Novelist William Styron, author of Sophie’s Choice and other critically acclaimed novels, is born on this day in Newport News, Virginia.
Growing up in the segregated south troubled Styron, whose father’s family had once owned slaves. An only child, Styron became a voracious reader and skipped ahead in school. He went to Davidson College in North Carolina but nearly flunked out before he joined the Marines. He was sent to the Pacific for the invasion of Japan. When he returned, he finished his education at Duke University in North Carolina, where he studied writing.

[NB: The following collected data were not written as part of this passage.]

(* Let $I\subset\mathbb{K}[x_1,\ldots,x_n]$ be a zero-dimensional ideal of degree $D$ in shape position, with reduced LEX Gröbner basis $[f_1(x_1),x_2-f_2(x_1),\ldots,x_n-f_n(x_1)]$. Let $T_1,\ldots,T_n$ be the multiplication matrices w.r.t. a Gröbner basis of $I$ for a term ordering $<_1$, with $T_1$ nonsingular, and let $\mathbf{e}=(1,0,\ldots,0)^t\in\mathbb{K}^D$. Let $\mathbf{w}\in\mathbb{K}^D$ be such that the minimal polynomial $\tilde f_1$ of the sequence $(\langle\mathbf{w},T_1^i\mathbf{e}\rangle)_{i=0}^{2D-1}$ is a proper factor of $f_1$ of degree $d<D$. For each $i=2,\ldots,n$, consider the linear system in the unknowns $y_0,\ldots,y_{d-1}$: $$\langle\mathbf{w},T_1^jT_i\mathbf{e}\rangle=\sum_{k=0}^{d-1}y_k\langle\mathbf{w},T_1^{k+j}\mathbf{e}\rangle,\qquad j=0,\ldots,d-1,$$ which has a unique solution $c_{i,0},\ldots,c_{i,d-1}$. Then $x_i-\sum_{k=0}^{d-1}c_{i,k}x_1^k$ belongs to the Gröbner basis of $I+\langle\tilde f_1\rangle$ w.r.t. LEX.
   Context: Variables are ordered $x_1<\cdots<x_n$, and LEX is the lexicographic ordering with this variable order. $D=\dim_{\mathbb{K}}\mathbb{K}[x_1,\ldots,x_n]/I$. Let $B=[\epsilon_1,\ldots,\epsilon_D]$ be the canonical basis (standard monomials) of the quotient w.r.t. $<_1$, ordered increasingly, with $\epsilon_1=1$. $T_i$ is the $D\times D$ matrix whose $j$-th column is the coordinate vector of the normal form of $\epsilon_j x_i$. $\langle\cdot,\cdot\rangle$ is the standard inner product. *)

theory Defs
  imports "HOL-Library.Poly_Mapping" "HOL-Computational_Algebra.Polynomial" "Jordan_Normal_Form.Matrix"
begin

text \<open>Multivariate polynomials over a field: monomials are finitely supported exponent
  vectors (variable x_i has index i, i = 1..n), polynomials are finitely supported
  maps from monomials to coefficients (Poly_Mapping convolution gives the product).\<close>

type_synonym mono = "nat \<Rightarrow>\<^sub>0 nat"
type_synonym 'a mpoly = "mono \<Rightarrow>\<^sub>0 'a"

definition Var :: "nat \<Rightarrow> 'a::comm_ring_1 mpoly" where
  "Var i = Poly_Mapping.single (Poly_Mapping.single i 1) 1"

definition Pn :: "nat \<Rightarrow> 'a::comm_ring_1 mpoly set" where
  "Pn n = {p. \<forall>m\<in>Poly_Mapping.keys p. Poly_Mapping.keys m \<subseteq> {1..n}}"

definition is_ideal :: "nat \<Rightarrow> 'a::comm_ring_1 mpoly set \<Rightarrow> bool" where
  "is_ideal n I \<longleftrightarrow> I \<subseteq> Pn n \<and> 0 \<in> I \<and> (\<forall>a\<in>I. \<forall>b\<in>I. a + b \<in> I)
     \<and> (\<forall>q\<in>Pn n. \<forall>a\<in>I. q * a \<in> I)"

definition ideal_add :: "nat \<Rightarrow> 'a::comm_ring_1 mpoly set \<Rightarrow> 'a mpoly \<Rightarrow> 'a mpoly set" where
  "ideal_add n I p = {a + q * p | a q. a \<in> I \<and> q \<in> Pn n}"

definition term_order :: "nat \<Rightarrow> (mono \<Rightarrow> mono \<Rightarrow> bool) \<Rightarrow> bool" where
  "term_order n lt \<longleftrightarrow>
     (\<forall>a. \<not> lt a a) \<and> (\<forall>a b c. lt a b \<longrightarrow> lt b c \<longrightarrow> lt a c) \<and>
     (\<forall>a b. Poly_Mapping.keys a \<subseteq> {1..n} \<longrightarrow> Poly_Mapping.keys b \<subseteq> {1..n} \<longrightarrow> a = b \<or> lt a b \<or> lt b a) \<and>
     (\<forall>a. Poly_Mapping.keys a \<subseteq> {1..n} \<longrightarrow> a \<noteq> 0 \<longrightarrow> lt 0 a) \<and>
     (\<forall>a b c. lt a b \<longrightarrow> lt (a + c) (b + c))"

text \<open>LEX with x_1 < ... < x_n: compare exponents of the largest variable first.\<close>
definition lex :: "mono \<Rightarrow> mono \<Rightarrow> bool" where
  "lex a b \<longleftrightarrow> (\<exists>k. Poly_Mapping.lookup a k < Poly_Mapping.lookup b k \<and> (\<forall>j>k. Poly_Mapping.lookup a j = Poly_Mapping.lookup b j))"

definition lm :: "(mono \<Rightarrow> mono \<Rightarrow> bool) \<Rightarrow> 'a::zero mpoly \<Rightarrow> mono" where
  "lm lt p = (THE m. m \<in> Poly_Mapping.keys p \<and> (\<forall>m'\<in>Poly_Mapping.keys p. m' \<noteq> m \<longrightarrow> lt m' m))"

definition lc :: "(mono \<Rightarrow> mono \<Rightarrow> bool) \<Rightarrow> 'a::zero mpoly \<Rightarrow> 'a" where
  "lc lt p = Poly_Mapping.lookup p (lm lt p)"

definition mdvd :: "mono \<Rightarrow> mono \<Rightarrow> bool" where
  "mdvd a b \<longleftrightarrow> (\<forall>v. Poly_Mapping.lookup a v \<le> Poly_Mapping.lookup b v)"

definition is_GB :: "nat \<Rightarrow> (mono \<Rightarrow> mono \<Rightarrow> bool) \<Rightarrow> 'a::comm_ring_1 mpoly set \<Rightarrow> 'a mpoly set \<Rightarrow> bool" where
  "is_GB n lt I G \<longleftrightarrow> finite G \<and> G \<subseteq> I \<and>
     (\<forall>f\<in>I. f \<noteq> 0 \<longrightarrow> (\<exists>g\<in>G. g \<noteq> 0 \<and> mdvd (lm lt g) (lm lt f)))"

definition is_reduced_GB :: "nat \<Rightarrow> (mono \<Rightarrow> mono \<Rightarrow> bool) \<Rightarrow> 'a::comm_ring_1 mpoly set \<Rightarrow> 'a mpoly set \<Rightarrow> bool" where
  "is_reduced_GB n lt I G \<longleftrightarrow> is_GB n lt I G \<and> 0 \<notin> G \<and> (\<forall>g\<in>G. lc lt g = 1) \<and>
     (\<forall>g\<in>G. \<forall>g'\<in>G - {g}. \<forall>m\<in>Poly_Mapping.keys g. \<not> mdvd (lm lt g') m)"

definition std_monos :: "nat \<Rightarrow> (mono \<Rightarrow> mono \<Rightarrow> bool) \<Rightarrow> 'a::comm_ring_1 mpoly set \<Rightarrow> mono set" where
  "std_monos n lt I = {m. Poly_Mapping.keys m \<subseteq> {1..n} \<and> (\<forall>f\<in>I. f \<noteq> 0 \<longrightarrow> lm lt f \<noteq> m)}"

definition canon_basis :: "nat \<Rightarrow> (mono \<Rightarrow> mono \<Rightarrow> bool) \<Rightarrow> 'a::comm_ring_1 mpoly set \<Rightarrow> mono list" where
  "canon_basis n lt I = (THE xs. sorted_wrt lt xs \<and> set xs = std_monos n lt I)"

definition nf :: "nat \<Rightarrow> (mono \<Rightarrow> mono \<Rightarrow> bool) \<Rightarrow> 'a::comm_ring_1 mpoly set \<Rightarrow> 'a mpoly \<Rightarrow> 'a mpoly" where
  "nf n lt I p = (THE r. r \<in> Pn n \<and> p - r \<in> I \<and> Poly_Mapping.keys r \<subseteq> std_monos n lt I)"

text \<open>Multiplication matrix T_i: column j is the coordinate vector of NF(eps_j x_i) in B.\<close>
definition mult_mat :: "nat \<Rightarrow> (mono \<Rightarrow> mono \<Rightarrow> bool) \<Rightarrow> 'a::comm_ring_1 mpoly set \<Rightarrow> nat \<Rightarrow> 'a mat" where
  "mult_mat n lt I i = (let B = canon_basis n lt I in
     mat (length B) (length B)
       (\<lambda>(k, j). Poly_Mapping.lookup (nf n lt I (Poly_Mapping.single (B ! j) 1 * Var i)) (B ! k)))"

definition uni :: "'a::comm_ring_1 poly \<Rightarrow> 'a mpoly" where
  "uni p = (\<Sum>k\<le>Polynomial.degree p. Poly_Mapping.single (Poly_Mapping.single 1 k) (coeff p k))"

definition annihilates :: "(nat \<Rightarrow> 'a::comm_ring_1) \<Rightarrow> nat \<Rightarrow> 'a poly \<Rightarrow> bool" where
  "annihilates a N P \<longleftrightarrow>
     (\<forall>j. j + Polynomial.degree P < N \<longrightarrow> (\<Sum>k\<le>Polynomial.degree P. coeff P k * a (k + j)) = 0)"

definition is_minpoly_seq :: "(nat \<Rightarrow> 'a::field) \<Rightarrow> nat \<Rightarrow> 'a poly \<Rightarrow> bool" where
  "is_minpoly_seq a N P \<longleftrightarrow> lead_coeff P = 1 \<and> annihilates a N P \<and>
     (\<forall>Q. Q \<noteq> 0 \<longrightarrow> annihilates a N Q \<longrightarrow> Polynomial.degree P \<le> Polynomial.degree Q)"

end

theory Submission
  imports Defs "HOL-Library.Ramsey" "Jordan_Normal_Form.Char_Poly"
begin

text \<open>
  Let \<open>L\<close> be the linear form \<open>p \<mapsto> \<langle>w, coordinates of NF(p)\<rangle>\<close> on \<open>K[x]/I\<close>, so that
  \<open>\<langle>w, T\<^sub>1\<^sup>j e\<rangle> = L(x\<^sub>1\<^sup>j)\<close> and \<open>\<langle>w, T\<^sub>1\<^sup>j T\<^sub>i e\<rangle> = L(x\<^sub>1\<^sup>j x\<^sub>i)\<close>, and write \<open>ft\<close> for the minimal
  polynomial of the sequence \<open>L(x\<^sub>1\<^sup>j)\<close>. Since \<open>K[x]/I\<close> has dimension \<open>D\<close>, some nonzero
  univariate \<open>P\<close> of degree \<open>\<le> D\<close> lies in \<open>I\<close>; so the sequence \<open>L(x\<^sub>1\<^sup>j ft)\<close> satisfies the
  recurrence of \<open>P\<close>, and as its first \<open>2D - d \<ge> D\<close> terms vanish, it vanishes identically.
  In shape position every polynomial is univariate modulo \<open>I\<close>, hence \<open>L(x\<^sub>1\<^sup>j h) = 0\<close> for all
  \<open>h \<in> I + \<langle>ft\<rangle>\<close>, whereas by minimality of \<open>ft\<close> no nonzero univariate polynomial of degree
  \<open>< d\<close> has this property. This makes the Hankel system nonsingular, identifies its solution
  with the coefficients of \<open>f\<^sub>i mod ft\<close> (as \<open>x\<^sub>i \<equiv> f\<^sub>i(x\<^sub>1)\<close> modulo \<open>I\<close>), and shows that
  \<open>{ft} \<union> {x\<^sub>i - (f\<^sub>i mod ft)}\<close> is the reduced LEX basis of \<open>I + \<langle>ft\<rangle>\<close>: an element of
  \<open>I + \<langle>ft\<rangle>\<close> whose leading monomial is divisible by none of \<open>x\<^sub>1\<^sup>d, x\<^sub>2, \<dots>, x\<^sub>n\<close> is
  univariate of degree \<open>< d\<close>, hence zero.
\<close>

section \<open>Polynomials in \<open>x\<^sub>1, \<dots>, x\<^sub>n\<close>\<close>

abbreviation mconst :: "'b \<Rightarrow> ('x::zero \<Rightarrow>\<^sub>0 'b::zero)" where
  "mconst c \<equiv> Poly_Mapping.single 0 c"
(* Let $d \ge 1$, $p \in [0,1/2)$, $\mathbf{x} \in \mathbb{R}^d$, $G > 0$, $\lambda > 0$. Let measurements $y_k = \langle \mathbf{x}, \mathbf{a}_k\rangle + \epsilon_k$ ($k = 0,1,\dots$) be given, where $\epsilon_k = \xi_k\nu_k$ with $\xi_k$ an indicator equal to $1$ with probability $p$, independent of all other variables, and $\nu_k$ arbitrary (possibly dependent on $\mathbf{x}$ and the measurement vectors). Let $\mathcal{F}_k$ be the $\sigma$-algebra generated by $\{\mathbf{a}_0,\epsilon_0\},\dots,\{\mathbf{a}_{k-1},\epsilon_{k-1}\}$, and assume each $\mathbf{a}_k \in \mathbb{R}^d$ has unit norm and is independent of $\mathcal{F}_k$, the vectors $\sqrt d\,\mathbf{a}_k$ are i.i.d. mean-zero isotropic, and for every $\mathcal{F}_k$-measurable $\mathbf{u}$, $\mathbb{E}_{\mathbf{a}_k}[|\langle \mathbf{u},\mathbf{a}_k\rangle| \mid \mathbf{u}] \ge \widetilde{C}\|\mathbf{u}\|_2/\sqrt d$ for a constant $\widetilde C > 0$. Let $\mathbf{x}_0 = 0$, $\mathbf{x}_{k+1} = \mathbf{x}_k + G\lambda^{-k}\mathrm{sign}(y_k - \langle \mathbf{x}_k,\mathbf{a}_k\rangle)\mathbf{a}_k$, $\mathbf{u}_k := \lambda^k(\mathbf{x} - \mathbf{x}_k)/G$ and $Y_k := \|\mathbf{u}_k\|_2^2$, so that $$Y_{k+1} = \lambda^2\Big\{\|\mathbf{u}_k\|^2 - 2\langle \mathbf{u}_k,\mathbf{a}_k\rangle\,\mathrm{sign}\big(\langle \mathbf{u}_k,\mathbf{a}_k\rangle + \lambda^k\epsilon_k/G\big) + 1\Big\}.$$ Suppose $$1 < \lambda^2 \le 1 + \widetilde{C}^2\frac{(1-2p)^2}{9d} < \frac{50}{49},$$ and set $a = \frac{1}{2(\lambda^2-1)}$, $b = \frac{3}{2(\lambda^2-1)}$, $\eta = c^*\sqrt{\lambda^2-1}$ with $$c^* = \frac{1}{8\lambda^2}\Big[\frac{\sqrt2\,\lambda^2(1-2p)\widetilde C}{\sqrt d} - \sqrt{\lambda^2-1}\Big(\frac32 + \lambda^2\Big)\Big].$$ Then $$\mathbb{E}\big[e^{\eta(Y_{k+1} - Y_k)}\mathbb{1}_{\{a \le Y_k < b\}} \mid \mathcal{F}_k\big] \le 1 - \frac{\widetilde{C}^2(1-2p)^2}{60 d}.$$
   Context: $\mathrm{sign}$ is the sign function. The process $Y_k$ is the rescaled squared error of SGD with exponentially decaying step size for $\ell_1$ linear regression under Massart noise. *)

theory Defs
  imports "HOL-Probability.Probability"
begin

text \<open>Sign function taking values in {-1,1} (convention sign 0 = 1), so that
  the norm of sign(t) times a unit vector is 1, as the displayed recursion for Y requires.\<close>
definition sign :: "real \<Rightarrow> real" where
  "sign t = (if t \<ge> 0 then 1 else -1)"

definition gen_sets :: "'a measure \<Rightarrow> ('a \<Rightarrow> 'b::topological_space) \<Rightarrow> 'a set set" where
  "gen_sets M X = {X -` A \<inter> space M | A. A \<in> sets borel}"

He moved to New York, hoping to become a writer. He finished his first novel, Lie Down in Darkness, about a woman struggling against insanity and suicidal urges, but was called back to the Marines to serve in the Korean War before the book’s publication in 1951. His next book, The Long March (1956), about a brutal march forced on Marine recruits in training, became a critical and financial success. He won a major award, the Prix de Rome, that allowed him to travel abroad and write. In Rome, he met his future wife, Rose Burgunder, and in Paris he helped found the Paris Review. He made friends with Truman Capote, Norman Mailer, James Baldwin, and other writers. His novel Set This House on Fire (1960) was attacked by U.S. critics but praised abroad. In 1967, he explored his interest in race issues with The Confessions of Nat Turner (1967), written in the voice of Nat Turner, leader of a failed slave uprising. Some black writers attacked Styron, claiming a white writer could not accurately portray the psychology of a black slave. The book won the Pulitzer Prize in 1968. His bestselling novel Sophie’s Choice, dealing with the devastating aftermath of the Holocaust, was made into an award-winning movie in 1982.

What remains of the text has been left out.